*What you are asked to do*
Every entry, exactly as given, must be retyped.

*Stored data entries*

(* Let $J$ be a finite index set and for each $j\in J$ let $\Lambda_j\subset[0,2]$ be a finite multiset of numbers. Let $G$ and $G_j$ ($j\in J$) be finite simple graphs without isolated vertices such that: (a) $G_j\preccurlyeq_{t'_j} G\preccurlyeq_{t''_j} G_j$ for some $t'_j,t''_j\in\mathbb N_0$, and set $t_j:=t'_j+t''_j$; (b) $\Lambda_j$ has multiplicity $\mu_j$ in the spectrum of the standard Laplacian of $G_j$, with $\mu_j>t_j$; (c) the sets $\Lambda_j$, $j\in J$, are pairwise disjoint; (d) $|G|=\sum_{j\in J}(\mu_j-t_j)\,|\Lambda_j|$ (where $|\Lambda_j|$ counts elements with multiplicity). Then the spectrum of the standard Laplacian of $G$ (as a multiset) equals $\biguplus_{j\in J}\Lambda_j^{(\mu_j-t_j)}$, i.e. each element of $\Lambda_j$ occurring $s$ times in $\Lambda_j$ occurs exactly $s(\mu_j-t_j)$ times in the spectrum of $G$, and there are no other eigenvalues. The same statement holds for the signless standard Laplacians.
   Context: All graphs are finite, simple, without isolated vertices; $|G|$ is the number of vertices. The standard Laplacian is $(\Delta_G f)(v)=f(v)-\frac{1}{\deg v}\sum_{u\in N_v}f(u)$ and the signless one $(\Delta_{G^+}f)(v)=f(v)+\frac{1}{\deg v}\sum_{u\in N_v}f(u)$ (equivalently the matrices $I\mp D^{-1/2}AD^{-1/2}$); their eigenvalues in ascending order with multiplicity are $\lambda_1(G)\le\dots\le\lambda_{|G|}(G)$, and spectra lie in $[0,2]$. Spectral preorder: $G\preccurlyeq_t G'$ ($t\in\mathbb N_0$) means $|G|\ge|G'|-t$ and $\lambda_k(G)\le\lambda_{k+t}(G')$ for all $1\le k\le|G'|-t$. A multiset $\Lambda$ has multiplicity $\mu$ in a spectrum $\sigma$ if each element of $\Lambda$ having multiplicity $s$ in $\Lambda$ has multiplicity at least $s\mu$ in $\sigma$; this is written $\Lambda^{(\mu)}\subset\sigma$, and $\Lambda^{(\mu)}$ denotes $\Lambda$ with all multiplicities multiplied by $\mu$; $\biguplus$ is the multiset union. *)

theory Defs
  imports "Jordan_Normal_Form.Char_Poly" "HOL-Library.Multiset"
begin

text \<open>A finite simple graph on vertex set {0..<n}, given as (n, E) with E a symmetric,
irreflexive adjacency relation; no isolated vertices.\<close>
type_synonym graph = "nat \<times> (nat \<Rightarrow> nat \<Rightarrow> bool)"

definition nverts :: "graph \<Rightarrow> nat" where "nverts G = fst G"
definition adj :: "graph \<Rightarrow> nat \<Rightarrow> nat \<Rightarrow> bool" where "adj G = snd G"

definition graph_ok :: "graph \<Rightarrow> bool" where
  "graph_ok G \<longleftrightarrow>
     (\<forall>u v. adj G u v \<longrightarrow> u < nverts G \<and> v < nverts G) \<and>
     (\<forall>u v. adj G u v \<longrightarrow> adj G v u) \<and>
     (\<forall>u. \<not> adj G u u) \<and>
     (\<forall>u < nverts G. \<exists>v. adj G u v)"

definition deg :: "graph \<Rightarrow> nat \<Rightarrow> nat" where
  "deg G u = card {v. v < nverts G \<and> adj G u v}"

definition lap_mat :: "bool \<Rightarrow> graph \<Rightarrow> real mat" where
  "lap_mat signless G = mat (nverts G) (nverts G) (\<lambda>(i, j).
     (if i = j then 1 else 0) +
     (if signless then 1 else -1) *
       (if adj G i j then 1 / sqrt (real (deg G i) * real (deg G j)) else 0))"

definition spec :: "bool \<Rightarrow> graph \<Rightarrow> real multiset" where
  "spec signless G = (let p = char_poly (lap_mat signless G) in
     (\<Sum>x\<in>{x. poly p x = 0}. replicate_mset (order x p) x))"

definition eig :: "bool \<Rightarrow> graph \<Rightarrow> nat \<Rightarrow> real" where
  "eig signless G k = sorted_list_of_multiset (spec signless G) ! (k - 1)"

definition spec_le :: "bool \<Rightarrow> graph \<Rightarrow> nat \<Rightarrow> graph \<Rightarrow> bool" where
  "spec_le signless G t G' \<longleftrightarrow>
     int (nverts G) \<ge> int (nverts G') - int t \<and>
     (\<forall>k. 1 \<le> k \<and> int k \<le> int (nverts G') - int t \<longrightarrow>
        eig signless G k \<le> eig signless G' (k + t))"

definition has_mult :: "real multiset \<Rightarrow> nat \<Rightarrow> real multiset \<Rightarrow> bool" where
  "has_mult \<Lambda> \<mu> \<sigma> \<longleftrightarrow> (\<forall>x. count \<Lambda> x * \<mu> \<le> count \<sigma> x)"

end

theory Submission imports Defs begin

text \<open>Laplacians are real symmetric, so their characteristic polynomials split over the
reals and the spectrum of a graph has exactly as many elements as vertices. If an eigenvalue
occupies the positions \<open>a..<b\<close> in the sorted spectrum of \<open>G\<^sub>j\<close>, the two spectral
preorders pin the eigenvalues of \<open>G\<close> at positions \<open>a + t'..<b - t''\<close> to that same value, so
passing from \<open>G\<^sub>j\<close> to \<open>G\<close> loses at most \<open>t = t' + t''\<close> of its multiplicity; an element of
multiplicity \<open>c \<ge> 1\<close> in \<open>\<Lambda>\<^sub>j\<close> thus occurs at least \<open>c\<mu> - t \<ge> c(\<mu> - t)\<close> times in the
spectrum of \<open>G\<close>. As the \<open>\<Lambda>\<^sub>j\<close> are disjoint, \<open>\<Uplus>\<^sub>j \<Lambda>\<^sub>j\<^bsup>(\<mu>\<^sub>j - t\<^sub>j)\<^esup>\<close> is a
submultiset of the spectrum of \<open>G\<close>, and it has the same size \<open>|G|\<close>.\<close>

lemma sum_replicate_order_roots_eq_proots:
  fixes p :: "'a::idom poly"
  assumes "p \<noteq> 0"
  shows "(\<Sum>x\<in>{x. poly p x = 0}. replicate_mset (order x p) x) = proots p"
proof (rule multiset_eqI)
  fix y
  have "count (\<Sum>x\<in>{x. poly p x = 0}. replicate_mset (order x p) x) y
      = (\<Sum>x\<in>{x. poly p x = 0}. if x = y then order x p else 0)"
    by (auto simp: count_sum intro!: sum.cong)
  also have "\<dots> = (if poly p y = 0 then order y p else 0)"
    using poly_roots_finite[OF assms] by (simp add: sum.delta')
  also have "\<dots> = count (proots p) y"
    using assms order_0I by auto
  finally show "count (\<Sum>x\<in>{x. poly p x = 0}. replicate_mset (order x p) x) y = count (proots p) y" .
qed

*Task result*
(* Let $J$ be a finite index set and for each $j\in J$ let $\Lambda_j\subset[0,2]$ be a finite multiset of numbers. Let $G$ and $G_j$ ($j\in J$) be finite simple graphs without isolated vertices such that: (a) $G_j\preccurlyeq_{t'_j} G\preccurlyeq_{t''_j} G_j$ for some $t'_j,t''_j\in\mathbb N_0$, and set $t_j:=t'_j+t''_j$; (b) $\Lambda_j$ has multiplicity $\mu_j$ in the spectrum of the standard Laplacian of $G_j$, with $\mu_j>t_j$; (c) the sets $\Lambda_j$, $j\in J$, are pairwise disjoint; (d) $|G|=\sum_{j\in J}(\mu_j-t_j)\,|\Lambda_j|$ (where $|\Lambda_j|$ counts elements with multiplicity). Then the spectrum of the standard Laplacian of $G$ (as a multiset) equals $\biguplus_{j\in J}\Lambda_j^{(\mu_j-t_j)}$, i.e. each element of $\Lambda_j$ occurring $s$ times in $\Lambda_j$ occurs exactly $s(\mu_j-t_j)$ times in the spectrum of $G$, and there are no other eigenvalues. The same statement holds for the signless standard Laplacians.
   Context: All graphs are finite, simple, without isolated vertices; $|G|$ is the number of vertices. The standard Laplacian is $(\Delta_G f)(v)=f(v)-\frac{1}{\deg v}\sum_{u\in N_v}f(u)$ and the signless one $(\Delta_{G^+}f)(v)=f(v)+\frac{1}{\deg v}\sum_{u\in N_v}f(u)$ (equivalently the matrices $I\mp D^{-1/2}AD^{-1/2}$); their eigenvalues in ascending order with multiplicity are $\lambda_1(G)\le\dots\le\lambda_{|G|}(G)$, and spectra lie in $[0,2]$. Spectral preorder: $G\preccurlyeq_t G'$ ($t\in\mathbb N_0$) means $|G|\ge|G'|-t$ and $\lambda_k(G)\le\lambda_{k+t}(G')$ for all $1\le k\le|G'|-t$. A multiset $\Lambda$ has multiplicity $\mu$ in a spectrum $\sigma$ if each element of $\Lambda$ having multiplicity $s$ in $\Lambda$ has multiplicity at least $s\mu$ in $\sigma$; this is written $\Lambda^{(\mu)}\subset\sigma$, and $\Lambda^{(\mu)}$ denotes $\Lambda$ with all multiplicities multiplied by $\mu$; $\biguplus$ is the multiset union. *)

theory Defs
  imports "Jordan_Normal_Form.Char_Poly" "HOL-Library.Multiset"
begin

text \<open>A finite simple graph on vertex set {0..<n}, given as (n, E) with E a symmetric,
irreflexive adjacency relation; no isolated vertices.\<close>
type_synonym graph = "nat \<times> (nat \<Rightarrow> nat \<Rightarrow> bool)"

definition nverts :: "graph \<Rightarrow> nat" where "nverts G = fst G"
definition adj :: "graph \<Rightarrow> nat \<Rightarrow> nat \<Rightarrow> bool" where "adj G = snd G"

definition graph_ok :: "graph \<Rightarrow> bool" where
  "graph_ok G \<longleftrightarrow>
     (\<forall>u v. adj G u v \<longrightarrow> u < nverts G \<and> v < nverts G) \<and>
     (\<forall>u v. adj G u v \<longrightarrow> adj G v u) \<and>
     (\<forall>u. \<not> adj G u u) \<and>
     (\<forall>u < nverts G. \<exists>v. adj G u v)"

definition deg :: "graph \<Rightarrow> nat \<Rightarrow> nat" where
  "deg G u = card {v. v < nverts G \<and> adj G u v}"

definition lap_mat :: "bool \<Rightarrow> graph \<Rightarrow> real mat" where
  "lap_mat signless G = mat (nverts G) (nverts G) (\<lambda>(i, j).
     (if i = j then 1 else 0) +
     (if signless then 1 else -1) *
       (if adj G i j then 1 / sqrt (real (deg G i) * real (deg G j)) else 0))"

definition spec :: "bool \<Rightarrow> graph \<Rightarrow> real multiset" where
  "spec signless G = (let p = char_poly (lap_mat signless G) in
     (\<Sum>x\<in>{x. poly p x = 0}. replicate_mset (order x p) x))"

definition eig :: "bool \<Rightarrow> graph \<Rightarrow> nat \<Rightarrow> real" where
  "eig signless G k = sorted_list_of_multiset (spec signless G) ! (k - 1)"

definition spec_le :: "bool \<Rightarrow> graph \<Rightarrow> nat \<Rightarrow> graph \<Rightarrow> bool" where
  "spec_le signless G t G' \<longleftrightarrow>
     int (nverts G) \<ge> int (nverts G') - int t \<and>
     (\<forall>k. 1 \<le> k \<and> int k \<le> int (nverts G') - int t \<longrightarrow>
        eig signless G k \<le> eig signless G' (k + t))"

definition has_mult :: "real multiset \<Rightarrow> nat \<Rightarrow> real multiset \<Rightarrow> bool" where
  "has_mult \<Lambda> \<mu> \<sigma> \<longleftrightarrow> (\<forall>x. count \<Lambda> x * \<mu> \<le> count \<sigma> x)"

end

theory Submission imports Defs begin

text \<open>Laplacians are real symmetric, so their characteristic polynomials split over the
reals and the spectrum of a graph has exactly as many elements as vertices. If an eigenvalue
occupies the positions \<open>a..<b\<close> in the sorted spectrum of \<open>G\<^sub>j\<close>, the two spectral
preorders pin the eigenvalues of \<open>G\<close> at positions \<open>a + t'..<b - t''\<close> to that same value, so
passing from \<open>G\<^sub>j\<close> to \<open>G\<close> loses at most \<open>t = t' + t''\<close> of its multiplicity; an element of
multiplicity \<open>c \<ge> 1\<close> in \<open>\<Lambda>\<^sub>j\<close> thus occurs at least \<open>c\<mu> - t \<ge> c(\<mu> - t)\<close> times in the
spectrum of \<open>G\<close>. As the \<open>\<Lambda>\<^sub>j\<close> are disjoint, \<open>\<Uplus>\<^sub>j \<Lambda>\<^sub>j\<^bsup>(\<mu>\<^sub>j - t\<^sub>j)\<^esup>\<close> is a
submultiset of the spectrum of \<open>G\<close>, and it has the same size \<open>|G|\<close>.\<close>

lemma sum_replicate_order_roots_eq_proots:
  fixes p :: "'a::idom poly"
  assumes "p \<noteq> 0"
  shows "(\<Sum>x\<in>{x. poly p x = 0}. replicate_mset (order x p) x) = proots p"
proof (rule multiset_eqI)
  fix y
  have "count (\<Sum>x\<in>{x. poly p x = 0}. replicate_mset (order x p) x) y
      = (\<Sum>x\<in>{x. poly p x = 0}. if x = y then order x p else 0)"
    by (auto simp: count_sum intro!: sum.cong)
  also have "\<dots> = (if poly p y = 0 then order y p else 0)"
    using poly_roots_finite[OF assms] by (simp add: sum.delta')
  also have "\<dots> = count (proots p) y"
    using assms order_0I by auto
  finally show "count (\<Sum>x\<in>{x. poly p x = 0}. replicate_mset (order x p) x) y = count (proots p) y" .
qed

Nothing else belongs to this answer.